An argument typically starts off as a mild conflict, which can then lead to a disagreement causing discord. If the issue is not addressed or resolved, the disagreement can easily escalate into a full-blown argument. Sometimes arguments last minutes, but other times can go on for days. Then there are those times a dispute can last far longer.
While some people do thrive on engaging in conflict, it is more likely most people prefer to avoid prolonged arguments with their friends or loved ones.
Did you ever find yourself in the midst of arguing with a friend or family member that you just want to end but it seems to go on and on? If so, you may wonder how to stop these kinds of arguments before they spiral out of control, and perhaps even turn really ugly.
Fortunately, there are several ways to end a prolonged argument that may work to end the bickering. By using the following techniques you can work to defuse the situation and, hopefully, find a way to end the argument.
Remain Cool and Collected
It is seldom a good idea to meet an argument with antagonism because this adds your own aggression to the dispute, and this will only escalate the problem. It is OK to state your position if you still want to get your point across, but try hard to keep it cool and collected in the process. It is more difficult to argue with a person who is being rational; it is when a disagreement becomes unreasonable an argument tends to becomes more heated and, subsequently, spirals out of control.
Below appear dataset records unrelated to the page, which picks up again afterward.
lemma max_modulus_le_close_radius:
  fixes f :: "complex \<Rightarrow> complex"
  assumes "continuous_on UNIV f"
    and ucont: "\<And>x y. norm x \<le> R \<Longrightarrow> norm y \<le> R \<Longrightarrow> dist x y < d \<Longrightarrow> dist (f x) (f y) < e"
    and "0 < r" "r \<le> R" "0 < s" "s \<le> R" "\<bar>s - r\<bar> < d"
  shows "max_modulus f r \<le> max_modulus f s + e"
proof -
  obtain z where z: "norm z = r" "cmod (f z) = max_modulus f r"
    using max_modulus_attained[OF assms(1), of r] assms by auto
  define z' where "z' = z * of_real (s / r)"
  have z': "norm z' = s" using z assms by (simp add: z'_def norm_mult del: of_real_divide)
  have "z - z' = z * of_real (1 - s / r)" by (simp add: z'_def algebra_simps)
  then have "dist z z' = r * \<bar>1 - s / r\<bar>"
    using z by (simp add: dist_norm norm_mult del: of_real_diff of_real_divide)
  also have "\<dots> = \<bar>r * (1 - s / r)\<bar>" using \<open>0 < r\<close> by (simp add: abs_mult)
  also have "r * (1 - s / r) = r - s" using \<open>0 < r\<close> by (simp add: field_simps)
  finally have "dist (f z) (f z') < e"
    using ucont[of z z'] z z' assms by (simp add: abs_minus_commute)
  then have "cmod (f z) \<le> cmod (f z') + e"
    using norm_triangle_ineq2[of "f z" "f z'"] by (simp add: dist_norm)
  then show ?thesis using norm_le_max_modulus[OF assms(1) z'] z by simp
qed

lemma continuous_on_max_modulus:
  fixes f :: "complex \<Rightarrow> complex"
  assumes "continuous_on UNIV f"
  shows "continuous_on {0<..} (max_modulus f)"
  unfolding continuous_on_iff
proof (intro ballI allI impI)
  fix r e :: real assume "r \<in> {0<..}" "e > 0"
  have "uniformly_continuous_on (cball 0 (r + 1)) f"
    by (intro compact_uniformly_continuous continuous_on_subset[OF assms]) auto
  then obtain d where "d > 0" and d: "\<And>x y. x \<in> cball 0 (r + 1) \<Longrightarrow> y \<in> cball 0 (r + 1) \<Longrightarrow>
      dist y x < d \<Longrightarrow> dist (f y) (f x) < e / 2"
    unfolding uniformly_continuous_on_def using \<open>e > 0\<close> by (metis half_gt_zero)
  have ucont: "dist (f x) (f y) < e / 2"
    if "norm x \<le> r + 1" "norm y \<le> r + 1" "dist x y < d" for x y
    using d[of y x] that by (simp add: dist_commute)
  show "\<exists>d>0. \<forall>s\<in>{0<..}. dist s r < d \<longrightarrow> dist (max_modulus f s) (max_modulus f r) < e"
  proof (intro exI[of _ "min d 1"] conjI ballI impI)
    fix s assume "s \<in> {0<..}" "dist s r < min d 1"
    then have "max_modulus f s \<le> max_modulus f r + e / 2"
      and "max_modulus f r \<le> max_modulus f s + e / 2"
      using max_modulus_le_close_radius[OF assms ucont] \<open>r \<in> {0<..}\<close>
      by (auto simp: dist_real_def abs_minus_commute)
    then show "dist (max_modulus f s) (max_modulus f r) < e"
      using \<open>e > 0\<close> by (simp add: dist_real_def)
  qed (use \<open>d > 0\<close> in auto)
qed

lemma power_series_entire:
  fixes f :: "complex \<Rightarrow> complex" and a :: "nat \<Rightarrow> complex"
  assumes series: "\<And>z. (\<lambda>k. a k * z ^ k) sums f z"
  shows "f holomorphic_on UNIV" and "a k = (deriv ^^ k) f 0 / fact k"
proof -
  have rad: "fps_conv_radius (Abs_fps a) = \<infinity>"
    unfolding fps_conv_radius_def using series
    by (intro conv_radius_inftyI'') (auto simp: sums_iff)
  have eval: "eval_fps (Abs_fps a) = f"
    using series by (auto simp: eval_fps_def fun_eq_iff sums_iff)
  show "f holomorphic_on UNIV"
    using holomorphic_on_eval_fps[of UNIV "Abs_fps a"] rad by (simp add: eval)
  have "f has_fps_expansion Abs_fps a"
    using eval_fps_has_fps_expansion[of "Abs_fps a"] rad by (simp add: eval)
  from fps_nth_fps_expansion[OF this] show "a k = (deriv ^^ k) f 0 / fact k" by simp
qed

lemma norm_coeff_mult_power_le_max_modulus:
  fixes f :: "complex \<Rightarrow> complex" and a :: "nat \<Rightarrow> complex"
  assumes series: "\<And>z. (\<lambda>k. a k * z ^ k) sums f z" and "r > 0"
  shows "norm (a k) * r ^ k \<le> max_modulus f r"
proof -
  have hol: "f holomorphic_on UNIV" using power_series_entire[OF series] by simp
  then have cont: "continuous_on UNIV f" by (rule holomorphic_on_imp_continuous_on)
  have "norm ((deriv ^^ k) f 0) \<le> fact k * max_modulus f r / r ^ k"
  proof (rule Cauchy_inequality)
    show "f holomorphic_on ball 0 r" using hol by (rule holomorphic_on_subset) auto
    show "continuous_on (cball 0 r) f" using cont by (rule continuous_on_subset) auto
    fix x :: complex assume "norm (0 - x) = r"
    then show "norm (f x) \<le> max_modulus f r" using norm_le_max_modulus[OF cont, of x r] by simp
  qed fact
  then have "norm (a k) \<le> max_modulus f r / r ^ k"
    unfolding power_series_entire(2)[OF series, of k] by (simp add: norm_divide field_simps)
  then show ?thesis using \<open>r > 0\<close> by (simp add: field_simps)
qed

lemma power_series_nonzero_coeff_beyond:
  fixes f :: "complex \<Rightarrow> complex" and a :: "nat \<Rightarrow> complex"
  assumes series: "\<And>z. (\<lambda>k. a k * z ^ k) sums f z"
    and transcendental: "\<not> (\<exists>p. \<forall>z. f z = poly p z)"
  shows "\<exists>k>N. a k \<noteq> 0"
proof (rule ccontr)
  assume "\<not> (\<exists>k>N. a k \<noteq> 0)"
  then have "(\<lambda>k. a k * w ^ k) sums (\<Sum>k\<le>N. a k * w ^ k)" for w
    by (intro sums_finite) auto
  then have "f w = (\<Sum>k\<le>N. a k * w ^ k)" for w
    using series sums_unique2 by blast
  then have "f w = poly (\<Sum>k\<le>N. monom (a k) k) w" for w
    by (simp add: poly_sum poly_monom)
  then show False using transcendental by blast
qed

lemma norm_div_power_le_on_annulus:
  fixes f :: "complex \<Rightarrow> complex"
  assumes hol: "f holomorphic_on UNIV" and "0 < r\<^sub>1" "r\<^sub>1 \<le> r\<^sub>2"
    and inner: "max_modulus f r\<^sub>1 / r\<^sub>1 ^ n = m" and outer: "max_modulus f r\<^sub>2 / r\<^sub>2 ^ n = m"
    and w: "r\<^sub>1 \<le> norm w" "norm w \<le> r\<^sub>2"
  shows "norm (f w / w ^ n) \<le> m"
proof -
  have cont: "continuous_on UNIV f" using hol by (rule holomorphic_on_imp_continuous_on)
  define A where "A = cball (0::complex) r\<^sub>2 - ball 0 r\<^sub>1"
  have closed: "closure A = A" unfolding A_def by (intro closure_closed) auto
  have interior: "interior A = ball 0 r\<^sub>2 - cball 0 r\<^sub>1"
    unfolding A_def using \<open>0 < r\<^sub>1\<close> by (simp add: interior_diff closure_ball)
  have nonzero: "z \<noteq> 0" if "z \<in> A" for z using that \<open>0 < r\<^sub>1\<close> by (auto simp: A_def)
  show ?thesis
  proof (rule maximum_modulus_frontier[where f = "\<lambda>z. f z / z ^ n" and S = A])
    show "(\<lambda>z. f z / z ^ n) holomorphic_on interior A" unfolding interior
      by (intro holomorphic_intros holomorphic_on_subset[OF hol]) (use \<open>0 < r\<^sub>1\<close> in auto)
    show "continuous_on (closure A) (\<lambda>z. f z / z ^ n)" unfolding closed
      by (intro continuous_intros continuous_on_subset[OF cont]) (use nonzero in auto)
    show "bounded A" unfolding A_def by (rule bounded_subset[OF bounded_cball]) auto
    show "w \<in> A" using w by (simp add: A_def)
  next
    fix z assume "z \<in> frontier A"
    then have "norm z = r\<^sub>1 \<or> norm z = r\<^sub>2"
      unfolding frontier_def closed interior by (auto simp: A_def)
    then have "max_modulus f (norm z) / norm z ^ n = m" using inner outer by auto
    have "norm (f z / z ^ n) = norm (f z) / norm z ^ n" by (simp add: norm_divide norm_power)
    also have "\<dots> \<le> max_modulus f (norm z) / norm z ^ n"
      by (intro divide_right_mono norm_le_max_modulus[OF cont]) auto
    finally show "norm (f z / z ^ n) \<le> m"
      using \<open>max_modulus f (norm z) / norm z ^ n = m\<close> by simp
  qed
qed

lemma monomial_if_div_power_constant_on:
  fixes f :: "complex \<Rightarrow> complex"
  assumes hol: "f holomorphic_on UNIV" and "open U" "U \<noteq> {}" "0 \<notin> U"
    and const: "\<And>z. z \<in> U \<Longrightarrow> f z / z ^ n = c"
  shows "f z = c * z ^ n"
proof (rule analytic_continuation_open[where s = U and s' = UNIV and g = "\<lambda>z. c * z ^ n"])
  show "\<And>w. w \<in> U \<Longrightarrow> f w = c * w ^ n"
    using const \<open>0 \<notin> U\<close> by (metis divide_eq_eq power_eq_0_iff)
  show "(\<lambda>z. c * z ^ n) holomorphic_on UNIV" by (intro holomorphic_intros)
qed (use assms in auto)

text \<open>
  By minimality of \<open>r\<^sub>1\<close>, the bound \<open>m\<close> of \<open>|f(z) / z^n|\<close> on the annulus is attained on
  the middle circle, so the maximum modulus principle applies there.
\<close>
lemma two_radius_minimizers_imp_monomial:
  fixes f :: "complex \<Rightarrow> complex"
  assumes hol: "f holomorphic_on UNIV"
    and min\<^sub>1: "is_radius_minimizer (max_modulus f) n r\<^sub>1"
    and min\<^sub>2: "is_radius_minimizer (max_modulus f) n r\<^sub>2" and "r\<^sub>1 < r\<^sub>2"
  shows "\<exists>c. \<forall>z. f z = c * z ^ n"
proof -
  have cont: "continuous_on UNIV f" using hol by (rule holomorphic_on_imp_continuous_on)
  have "0 < r\<^sub>1" using min\<^sub>1 by (simp add: is_radius_minimizer_def)
  define m where "m = max_modulus f r\<^sub>1 / r\<^sub>1 ^ n"
  have outer: "max_modulus f r\<^sub>2 / r\<^sub>2 ^ n = m"
    using min\<^sub>1 min\<^sub>2 unfolding m_def is_radius_minimizer_def by (meson order_antisym)
  have bound: "norm (f w / w ^ n) \<le> m" if "r\<^sub>1 \<le> norm w" "norm w \<le> r\<^sub>2" for w
    using norm_div_power_le_on_annulus[OF hol \<open>0 < r\<^sub>1\<close> _ m_def[symmetric] outer] that \<open>r\<^sub>1 < r\<^sub>2\<close>
    by simp
  define s where "s = (r\<^sub>1 + r\<^sub>2) / 2"
  obtain z\<^sub>0 where z\<^sub>0: "norm z\<^sub>0 = s" "norm (f z\<^sub>0) = max_modulus f s"
    using max_modulus_attained[OF cont, of s] \<open>0 < r\<^sub>1\<close> \<open>r\<^sub>1 < r\<^sub>2\<close> by (auto simp: s_def)
  have "m \<le> max_modulus f s / s ^ n"
    using min\<^sub>1 \<open>0 < r\<^sub>1\<close> \<open>r\<^sub>1 < r\<^sub>2\<close> by (simp add: is_radius_minimizer_def m_def s_def)
  also have "\<dots> = norm (f z\<^sub>0 / z\<^sub>0 ^ n)" using z\<^sub>0 by (simp add: norm_divide norm_power)
  finally have max_at_z\<^sub>0: "m \<le> norm (f z\<^sub>0 / z\<^sub>0 ^ n)" .
  define U where "U = ball z\<^sub>0 ((r\<^sub>2 - r\<^sub>1) / 2)"
  have U: "r\<^sub>1 \<le> norm w \<and> norm w \<le> r\<^sub>2" if "w \<in> U" for w
  proof -
    have "\<bar>norm w - s\<bar> < (r\<^sub>2 - r\<^sub>1) / 2"
      using that norm_triangle_ineq3[of w z\<^sub>0] z\<^sub>0(1)
      by (simp add: U_def dist_norm norm_minus_commute)
    then show ?thesis by (auto simp: s_def abs_less_iff field_simps)
  qed
  have "z\<^sub>0 \<in> U" unfolding U_def using \<open>r\<^sub>1 < r\<^sub>2\<close> by auto
  have "(\<lambda>z. f z / z ^ n) constant_on U"
  proof (rule maximum_modulus_principle[where f = "\<lambda>z. f z / z ^ n" and S = U and U = U])
    show "(\<lambda>z. f z / z ^ n) holomorphic_on U"
      by (intro holomorphic_intros holomorphic_on_subset[OF hol])
         (use U \<open>0 < r\<^sub>1\<close> in fastforce)+
    show "\<And>z. z \<in> U \<Longrightarrow> norm (f z / z ^ n) \<le> norm (f z\<^sub>0 / z\<^sub>0 ^ n)"
      using bound U max_at_z\<^sub>0 by fastforce
  qed (use \<open>z\<^sub>0 \<in> U\<close> in \<open>auto simp: U_def\<close>)
  then obtain c where "\<And>z. z \<in> U \<Longrightarrow> f z / z ^ n = c" unfolding constant_on_def by blast
  moreover have "open U" "U \<noteq> {}" "0 \<notin> U"
    using U[of 0] \<open>0 < r\<^sub>1\<close> \<open>z\<^sub>0 \<in> U\<close> by (auto simp: U_def)
  ultimately show ?thesis using monomial_if_div_power_constant_on[OF hol] by blast
qed
(* Let $G$ be a countable discrete group, $m$ a probability measure on $G$, $(X,\mu)$ a standard probability space, and $a,b \in \mathrm{Stat}(G,m,X,\mu)$. Then the following are equivalent. (i) $a \preceq b$. (ii) For every finite subset $F \subseteq G$, every $\epsilon > 0$ and every finite collection $A_1,\ldots,A_n$ of measurable subsets of $X$, there exist measurable subsets $B_1,\ldots,B_n$ of $X$ such that \[ \left| \mu(g^a A_i \cap h^a A_j) - \mu(g^b B_i \cap h^b B_j) \right| < \epsilon \] for all $g,h \in F$ and all $i,j \in \{1,\ldots,n\}$.
   Context: A measurable action $a$ of $G$ on $(X,\mu)$ is $m$-stationary if $\sum_{g\in G} m(g)\,\mu(g^aA)=\mu(A)$ for every measurable $A\subseteq X$, where $g^a$ denotes the (nonsingular) transformation of $X$ by which $g$ acts in $a$. $\mathrm{Stat}(G,m,X,\mu)$ is the set of $m$-stationary actions of $G$ on $(X,\mu)$. For $a,b\in\mathrm{Stat}(G,m,X,\mu)$, $a$ is weakly contained in $b$ ($a\preceq b$) if for every $\epsilon>0$, every finite $F\subseteq G$ and every finite collection $A_1,\ldots,A_n$ of measurable subsets of $X$ there are measurable $B_1,\ldots,B_n\subseteq X$ with $|\mu(g^aA_i\cap A_j)-\mu(g^bB_i\cap B_j)|<\epsilon$ for all $g\in F$ and $i,j\in\{1,\ldots,n\}$. *)

theory Defs
  imports "HOL-Analysis.Analysis" "HOL-Probability.Probability" "HOL-Algebra.Group"
begin

definition prob_on_group :: "('g, 'b) monoid_scheme \<Rightarrow> ('g \<Rightarrow> real) \<Rightarrow> bool" where
  "prob_on_group G m \<longleftrightarrow> (\<forall>g\<in>carrier G. 0 \<le> m g) \<and> (m has_sum 1) (carrier G)"

definition nonsingular_action ::
  "('g, 'b) monoid_scheme \<Rightarrow> 'x measure \<Rightarrow> ('g \<Rightarrow> 'x \<Rightarrow> 'x) \<Rightarrow> bool" where
  "nonsingular_action G M a \<longleftrightarrow>
     (\<forall>g\<in>carrier G. a g \<in> M \<rightarrow>\<^sub>M M) \<and>
     (\<forall>x\<in>space M. a \<one>\<^bsub>G\<^esub> x = x) \<and>
     (\<forall>g\<in>carrier G. \<forall>h\<in>carrier G. \<forall>x\<in>space M. a (g \<otimes>\<^bsub>G\<^esub> h) x = a g (a h x)) \<and>
     (\<forall>g\<in>carrier G. \<forall>A\<in>sets M. (a g -` A \<inter> space M \<in> null_sets M \<longleftrightarrow> A \<in> null_sets M))"

text \<open>Stat(G,m,X,mu): m-stationary actions.  g^a A is the image a g ` A.\<close>
definition stationary_action ::
  "('g, 'b) monoid_scheme \<Rightarrow> ('g \<Rightarrow> real) \<Rightarrow> 'x measure \<Rightarrow> ('g \<Rightarrow> 'x \<Rightarrow> 'x) \<Rightarrow> bool" where
  "stationary_action G m M a \<longleftrightarrow> nonsingular_action G M a \<and>
     (\<forall>A\<in>sets M. (\<Sum>\<^sub>\<infinity>g\<in>carrier G. m g * measure M (a g ` A)) = measure M A)"

text \<open>Weak containment a \<preceq> b (sets indexed by {0..<n} instead of {1..n}).\<close>
definition weakly_contained ::
  "('g, 'b) monoid_scheme \<Rightarrow> 'x measure \<Rightarrow> ('g \<Rightarrow> 'x \<Rightarrow> 'x) \<Rightarrow> ('g \<Rightarrow> 'x \<Rightarrow> 'x) \<Rightarrow> bool" where
  "weakly_contained G M a b \<longleftrightarrow>
     (\<forall>\<epsilon>>0. \<forall>F. finite F \<and> F \<subseteq> carrier G \<longrightarrow>
       (\<forall>n::nat. \<forall>A::nat \<Rightarrow> 'x set. (\<forall>i<n. A i \<in> sets M) \<longrightarrow>
         (\<exists>B::nat \<Rightarrow> 'x set. (\<forall>i<n. B i \<in> sets M) \<and>
           (\<forall>g\<in>F. \<forall>i<n. \<forall>j<n.
              \<bar>measure M (a g ` A i \<inter> A j) - measure M (b g ` B i \<inter> B j)\<bar> < \<epsilon>))))"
If you truly want to stop the argument, don't be aggressive, instead try taking a proactive approach, and above all, remain calm and actually try to listen to the other person.  This doesn't mean you have to agree, but listening can go a long way in an attempt to resolve a situation.
Take a Time Out
Sometimes taking a deep breath and saying "time out" does wonders. In a heated argument it is common to be overtaken by emotions. When emotions enter the disagreement, the argument can quickly take a new route, usually a bad one, and escalate even further.
Instead of pushing things to a point where there may be no turning back, try taking a brief walk, or at least leave the room for a few minutes; this can quickly calm a situation. Explain to the other person you're taking a time out for a few moments and that after the break, you'll return to continue the discussion. Chances are the short breather will have reduced any hostility or anxiety which may have arisen during the argument.
Acting on impulse and pure emotion can potentially cause injury in a relationship.
Be Assertive and Stick to the Facts
Depending on how strongly you feel about the situation, if you take an assertive stance you will get your point across, but eliminate the aggression. Do not let yourself be provoked into argumentative responses. If you calmly remain true to the facts and not allow yourself to be goaded into a confrontational state, this will help towards finding a solution or compromise.
In a situation where emotions take over, chances are the argument will not only continue, but get sidetracked into words later on you'll wish you could take back. Additionally, the person you are in conflict with will likely respond emotionally too and this can make the original issue even worse. By sticking to facts, there is less of a chance hurt feelings will linger on when it does finally conclude.
Calmly Discuss Options
If you sometimes take a step back and approach the situation with a peaceful, but blunt, approach this may end the argument. Ask the person you've been arguing with how he or she would like to resolve the situation. Explain to the person you aren't interested in continuing the argument and see if he or she feels the same way. Chances are he or she does. Occasionally, all it takes is a simple discussion or question; both of you may discover neither of you are interested in fighting over the issue at hand. If that is the case, often a quick resolution is right around the corner once this is realized.
This is the easiest solution, but it doesn't necessarily solve the problem. If you feel things have gotten out of hand and you simply can't stand it anymore, take a deep breath and walk away. You can either continue the argument another day or, depending on the type of relationship, just drop it and leave it unresolved (resolving conflict in a marriage or committed relationship is different than resolving it with someone else).
Sweeping disagreements under the proverbial rug are probably not the best solution, but it will get you out of your immediate situation. This may be beneficial in a situation which has escalated beyond the conflict and become hostile.
Depending on the issue at hand, sometimes it is best to simply walk away.
Don't Involve Others
Venting is important and a good emotional outlet, but if you decide to involve someone else and invite him or her into the problem, it may contribute creating even a worse situation. If you really must discuss the problem with someone else to get another perspective, it is best to try to choose a neutral person who is not involved with the other person or the argument. You want to avoid talking to someone who is closely involved with either person.
While a healthy debate can be fun, arguments are different. Arguing with family or friends is typically not an anticipated event and one most people like to avoid (although pushing serious issues under the proverbial rug may create its own set of problems).
If you are interested in effectively ending the argument, you can use the above tactics; hopefully you can stop the argument before it gets too heated and you'll come to a resolution of the problem instead.